Yes, the clue's in the name. The Dualjet engine features twin injectors for improved fuel economy with 65.7mpg on the EC combined fuel consumption cycle and 98g/km of CO2. If you go for the mild hybrid 'SHVS' 'ALLGRIP' model, the figures are 62.8mpg and 101g/km. So what's the advantage of the Dualjet unit's two-fuel injector configuration? It sounds like you'd just be firing in twice as much petrol. Not so, says Suzuki. The Dualjet system positions the fuel injectors very close to the engine inlet valves and this allows for a finer fuel atomisation (or mixture) which in turn provides a more effective transfer into the engine. There's also a start/stop system to prevent the engine idling in traffic. As for the 'SHVS' mild hybrid ALLGRIP model, well here, an electric starter motor - Suzuki calls it an 'ISG' or 'Integrated Starter Generator' - assists the petrol engine in certain situations. The 'ISG' harvests kinetic energy when you brake and converts it into electrical energy that stops and starts the engine in heavy traffic and provides a mild extra power boost as you accelerate.


The Dualjet engine gives this car a dash of character.

Which is good because the Swift remains a quite lovely little supermini, especially if you like driving.

It really does feel like an honest car that enjoys being blatted about.

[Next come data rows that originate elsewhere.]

(* Assume the setting below, including A1–A4, with any step size $\alpha>0$. Let $\Psi(x)=\Phi(x)-\Phi^*+\frac{1}{2\alpha}d^2(x,\mathcal{X})$. Then for every $k\ge0$, $$\Psi(x_{k+1})\le\left(1-\frac{\alpha\beta}{1+\alpha\beta}\right)\Psi(x_k)-\frac{1}{2\alpha}\|x_{k+1}-x_k\|^2+\frac{L(\tau+1)}{2}\sum_{j=k-\tau}^{k}\|x_{j+1}-x_j\|^2 .$$
   Context: Problem: minimize $\Phi(x)=F(x)+h(x)$ over $x\in\mathbb{R}^d$, where $F(x)=\sum_{n=1}^N f_n(x)$. Assumption A1: each $f_n:\mathbb{R}^d\to\mathbb{R}$ is convex and differentiable with $\|\nabla f_n(x)-\nabla f_n(y)\|\le L_n\|x-y\|$ for all $x,y$; set $L=\sum_{n=1}^N L_n$. Assumption A2: $h:\mathbb{R}^d\to(-\infty,\infty]$ is proper, closed, convex, and $\partial h(x)\neq\emptyset$ for all $x$ in its effective domain. Assumption A3: the delays $\tau_k^n$ ($k\ge0$, $n=1,\dots,N$) are integers with $\tau_k^n\in\{0,1,\dots,\tau\}$ for a fixed nonnegative integer $\tau$ (the delay parameter). Assumption A4 (quadratic growth): the set $\mathcal{X}$ of minimizers of $\Phi$ is nonempty, $\Phi^*$ denotes the minimal value of $\Phi$, and there is $\beta>0$ with $\Phi(x)-\Phi^*\ge\frac{\beta}{2}d^2(x,\mathcal{X})$ for all $x\in\mathbb{R}^d$, where $d(x,\mathcal{X})=\inf_{y\in\mathcal{X}}\|x-y\|$. PIAG method: given $x_0\in\mathbb{R}^d$ and step size $\alpha>0$, with the convention $x_j=x_0$ for $j<0$, for $k\ge0$ set $g_k=\sum_{n=1}^N\nabla f_n(x_{k-\tau_k^n})$ and $$x_{k+1}=\arg\min_{x\in\mathbb{R}^d}\Big\{h(x)+\langle g_k,x-x_k\rangle+\frac{1}{2\alpha}\|x-x_k\|^2\Big\}.$$ In particular $\|x_{j+1}-x_j\|=0$ for $j<0$. *)

theory Defs
  imports "HOL-Analysis.Analysis"
begin

definition proper_fun :: "('a \<Rightarrow> ereal) \<Rightarrow> bool" where
  "proper_fun h \<longleftrightarrow> (\<forall>x. h x \<noteq> -\<infinity>) \<and> (\<exists>x. h x < \<infinity>)"

definition closed_fun :: "('a::topological_space \<Rightarrow> ereal) \<Rightarrow> bool" where
  "closed_fun h \<longleftrightarrow> closed {(x, t::real). h x \<le> ereal t}"

definition convex_fun :: "('a::real_vector \<Rightarrow> ereal) \<Rightarrow> bool" where
  "convex_fun h \<longleftrightarrow> (\<forall>x y. \<forall>t::real. 0 \<le> t \<and> t \<le> 1 \<longrightarrow>
      h ((1 - t) *\<^sub>R x + t *\<^sub>R y) \<le> ereal (1 - t) * h x + ereal t * h y)"

definition edom :: "('a \<Rightarrow> ereal) \<Rightarrow> 'a set" where
  "edom h = {x. h x < \<infinity>}"

definition subdiff :: "('a::real_inner \<Rightarrow> ereal) \<Rightarrow> 'a \<Rightarrow> 'a set" where
  "subdiff h x = {g. \<forall>y. h y \<ge> h x + ereal (inner g (y - x))}"

definition ext_seq :: "(nat \<Rightarrow> 'a) \<Rightarrow> int \<Rightarrow> 'a" where
  "ext_seq x j = (if j < 0 then x 0 else x (nat j))"

end

theory Submission imports Defs begin

text \<open>
  The descent lemma at the delayed iterates together with the gradient inequality gives, for
  every \<open>w\<close>, \<open>F(x\<^sub>k\<^sub>+\<^sub>1) \<le> F(w) + \<langle>g\<^sub>k, x\<^sub>k\<^sub>+\<^sub>1 - w\<rangle> + E\<^sub>k\<close>, where \<open>E\<^sub>k\<close> involves
  \<open>\<parallel>x\<^sub>k\<^sub>+\<^sub>1 - x\<^sub>k\<^sub>-\<^sub>d\<parallel>\<^sup>2\<close> and hence at most \<open>\<tau> + 1\<close> consecutive squared steps. The proximal step
  minimises a \<open>1/\<alpha>\<close>-strongly convex model, whence a three-point inequality. Together, for every
  minimiser \<open>w\<close>,
  \<open>\<Phi>(x\<^sub>k\<^sub>+\<^sub>1) - \<Phi>\<^sup>* + \<parallel>w - x\<^sub>k\<^sub>+\<^sub>1\<parallel>\<^sup>2/(2\<alpha>) \<le> \<parallel>w - x\<^sub>k\<parallel>\<^sup>2/(2\<alpha>) - \<parallel>x\<^sub>k\<^sub>+\<^sub>1 - x\<^sub>k\<parallel>\<^sup>2/(2\<alpha>) + E\<^sub>k\<close>;
  minimising over \<open>w\<close> and using quadratic growth to trade part of \<open>d\<^sup>2(x\<^sub>k, \<X>)/(2\<alpha>)\<close> for
  \<open>\<Phi>(x\<^sub>k) - \<Phi>\<^sup>*\<close> yields the factor \<open>1/(1 + \<alpha>\<beta>)\<close>.
\<close>

lemma convex_on_gradient_inequality:
  fixes f :: "'a::real_inner \<Rightarrow> real"
  assumes convex: "convex_on UNIV f"
    and deriv: "\<And>z. (f has_derivative (\<lambda>v. inner (G z) v)) (at z)"
  shows "f y + inner (G y) (z - y) \<le> f z"
proof -
  define v where "v = z - y"
  define \<phi> where "\<phi> = (\<lambda>t::real. f (y + t *\<^sub>R v))"
  have "convex_on UNIV \<phi>"
  proof (rule convex_onI)
    fix t a b :: real assume t: "0 < t" "t < 1"
    have "y + ((1 - t) *\<^sub>R a + t *\<^sub>R b) *\<^sub>R v = (1 - t) *\<^sub>R (y + a *\<^sub>R v) + t *\<^sub>R (y + b *\<^sub>R v)"
      by (simp add: algebra_simps)
    then show "\<phi> ((1 - t) *\<^sub>R a + t *\<^sub>R b) \<le> (1 - t) * \<phi> a + t * \<phi> b"
      unfolding \<phi>_def using convex_onD[OF convex, of t "y + a *\<^sub>R v" "y + b *\<^sub>R v"] t by simp
  qed simp
  moreover have "(\<phi> has_field_derivative inner (G y) v) (at 0)"
  proof -
    have "((\<lambda>t. y + t *\<^sub>R v) has_derivative (\<lambda>t. t *\<^sub>R v)) (at 0)"
      by (auto intro!: derivative_eq_intros)
    from has_derivative_compose[OF this deriv[of "y + 0 *\<^sub>R v"]]
    show ?thesis by (simp add: \<phi>_def o_def has_field_derivative_def mult_commute_abs)
  qed
  ultimately have "inner (G y) v \<le> \<phi> 1 - \<phi> 0"
    using convex_on_imp_above_tangent[of UNIV \<phi> 0 1] by simp
  then show ?thesis by (simp add: \<phi>_def v_def)
qed

lemma lipschitz_gradient_descent_lemma:
  fixes f :: "'a::real_inner \<Rightarrow> real"
  assumes deriv: "\<And>z. (f has_derivative (\<lambda>v. inner (G z) v)) (at z)"
    and lipschitz: "\<And>a b. norm (G a - G b) \<le> L * norm (a - b)"
  shows "f z \<le> f y + inner (G y) (z - y) + L / 2 * (norm (z - y))\<^sup>2"
proof -
  define v where "v = z - y"
  define \<psi> where "\<psi> = (\<lambda>t::real. f (y + t *\<^sub>R v) - t * inner (G y) v - L / 2 * t\<^sup>2 * (norm v)\<^sup>2)"
  have "\<psi> 1 \<le> \<psi> 0"
  proof (rule DERIV_nonpos_imp_nonincreasing[of 0 1 \<psi>])
    fix t :: real assume t: "0 \<le> t" "t \<le> 1"
    have "((\<lambda>t. y + t *\<^sub>R v) has_derivative (\<lambda>t. t *\<^sub>R v)) (at t)"
      by (auto intro!: derivative_eq_intros)
    from has_derivative_compose[OF this deriv[of "y + t *\<^sub>R v"]]
    have f_deriv: "((\<lambda>t. f (y + t *\<^sub>R v)) has_field_derivative inner (G (y + t *\<^sub>R v)) v) (at t)"
      by (simp add: o_def has_field_derivative_def mult_commute_abs)
    have D: "(\<psi> has_field_derivative
        (inner (G (y + t *\<^sub>R v)) v - inner (G y) v - L * t * (norm v)\<^sup>2)) (at t)"
      unfolding \<psi>_def by (rule derivative_eq_intros f_deriv refl | simp)+
    have "inner (G (y + t *\<^sub>R v)) v - inner (G y) v = inner (G (y + t *\<^sub>R v) - G y) v"
      by (simp add: inner_diff_left)
    also have "\<dots> \<le> norm (G (y + t *\<^sub>R v) - G y) * norm v" by (rule norm_cauchy_schwarz)
    also have "\<dots> \<le> (L * norm (t *\<^sub>R v)) * norm v"
      using lipschitz[of "y + t *\<^sub>R v" y] by (intro mult_right_mono) auto
    also have "\<dots> = L * t * (norm v)\<^sup>2" using t by (simp add: power2_eq_square)
    finally show "\<exists>y. DERIV \<psi> t :> y \<and> y \<le> 0" using D by auto
  qed simp
  then show ?thesis by (simp add: \<psi>_def v_def)
qed

lemma lipschitz_constant_nonneg:
  fixes G :: "'a::euclidean_space \<Rightarrow> 'b::real_normed_vector"
  assumes "\<And>a b. norm (G a - G b) \<le> L * norm (a - b)"
  shows "L \<ge> 0"
proof -
  obtain e :: 'a where "e \<in> Basis" using SOME_Basis by blast
  then have "norm e > 0" using nonzero_Basis by auto
  moreover have "0 \<le> L * norm e" using order_trans[OF norm_ge_zero assms[of e 0]] by simp
  ultimately show ?thesis by (simp add: zero_le_mult_iff)
qed

lemma convex_smooth_linearisation_at:
  fixes f :: "'a::real_inner \<Rightarrow> real"
  assumes "convex_on UNIV f"
    and "\<And>z. (f has_derivative (\<lambda>v. inner (G z) v)) (at z)"
    and "\<And>a b. norm (G a - G b) \<le> L * norm (a - b)"
  shows "f p \<le> f w + inner (G y) (p - w) + L / 2 * (norm (p - y))\<^sup>2"
proof -
  have "f p \<le> f y + inner (G y) (p - y) + L / 2 * (norm (p - y))\<^sup>2"
    by (rule lipschitz_gradient_descent_lemma[OF assms(2,3)])
  moreover have "f y + inner (G y) (w - y) \<le> f w"
    by (rule convex_on_gradient_inequality[OF assms(1,2)])
  moreover have "inner (G y) (p - y) - inner (G y) (w - y) = inner (G y) (p - w)"
    by (simp add: inner_diff_right)
  ultimately show ?thesis by linarith
qed

lemma sum_convex_smooth_linearisation_at:
  fixes f :: "'i \<Rightarrow> 'a::euclidean_space \<Rightarrow> real"
  assumes "\<And>n. n \<in> I \<Longrightarrow> convex_on UNIV (f n)"
    and "\<And>n z. n \<in> I \<Longrightarrow> (f n has_derivative (\<lambda>v. inner (G n z) v)) (at z)"
    and "\<And>n a b. n \<in> I \<Longrightarrow> norm (G n a - G n b) \<le> L n * norm (a - b)"
    and dist: "\<And>n. n \<in> I \<Longrightarrow> (norm (p - y n))\<^sup>2 \<le> D"
  shows "(\<Sum>n\<in>I. f n p) \<le> (\<Sum>n\<in>I. f n w) + inner (\<Sum>n\<in>I. G n (y n)) (p - w) + (\<Sum>n\<in>I. L n) * D / 2"
proof -
  have "f n p \<le> f n w + inner (G n (y n)) (p - w) + L n / 2 * D" if n: "n \<in> I" for n
  proof -
    have "L n / 2 * (norm (p - y n))\<^sup>2 \<le> L n / 2 * D"
      using dist[OF n] lipschitz_constant_nonneg[OF assms(3)[OF n]] by (intro mult_left_mono) auto
    then show ?thesis using convex_smooth_linearisation_at[OF assms(1-3)[OF n], of p w "y n"] by linarith
  qed
  then have "(\<Sum>n\<in>I. f n p) \<le> (\<Sum>n\<in>I. f n w + inner (G n (y n)) (p - w) + L n / 2 * D)"
    by (rule sum_mono)
  also have "\<dots> = (\<Sum>n\<in>I. f n w) + inner (\<Sum>n\<in>I. G n (y n)) (p - w) + (\<Sum>n\<in>I. L n) * D / 2"
    by (simp only: sum.distrib inner_sum_left sum_distrib_right) (simp add: sum_divide_distrib mult.commute)
  finally show ?thesis .
qed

The interior still lacks a certain polish and it's not the cheapest in its class to insure, but the Dualjet engine brings us maybe the best-driving sub-100g/km car that sensible money can buy.

Market and Model

Prices for the base Dualjet 1.2-litre SZ3 model start at around £11,000 and that buys you a five-door car with a 5-speed manual gearbox.

If you want an auto, you'll need to stretch to the pricier 'Boosterjet' powerplant.

The only other option is a 4x4 'ALLGRIP' variant that pairs the Dualjet engine with Suzuki's SHVS mild hybrid technology and comes only with plusher 'SZ5' trim priced at around £15,500. The Swift isn't a car that majors on a whole bunch of luxuries, but the SZ3 trim level doesn't do too badly for kit.

Six airbags, air conditioning, a leather steering wheel, a DAB radio with Bluetooth and four speakers, rear privacy glass, LED daytime running lights, 15-inch wheels, body coloured door mirrors and front electric windows are all included.

As you'd expect in this day and age, every model has ABS anti-lock brakes, ESP stability control and a brake assist function for emergency stops.

There's also a tyre pressure monitoring system, along with twin front, side and curtain airbags, plus there are two Isofix child seat mounts in the rear bench.

Driving Experience

The Dualjet engine develops 90PS and 120Nm of torque at 4000rpm which is key.

Most choose the conventional version, but also available is an 'ALLGRIP' 4x4 model that pairs this 1.2-litre unit with Suzuki's 'SHVS' mild hybrid technology.

Here though, our focus is on the standard model.

Unlike some similarly-priced entry-level petrol-powered superminis, you don't have to row this one along with the gearlever to make decent progress.

It's not exactly concussive in its acceleration though, getting to 62mph in 11.9 seconds en route to 112mph, but numbers don't always tell you everything. The bald stats don't do anything to convey how much fun the Swift is to drive.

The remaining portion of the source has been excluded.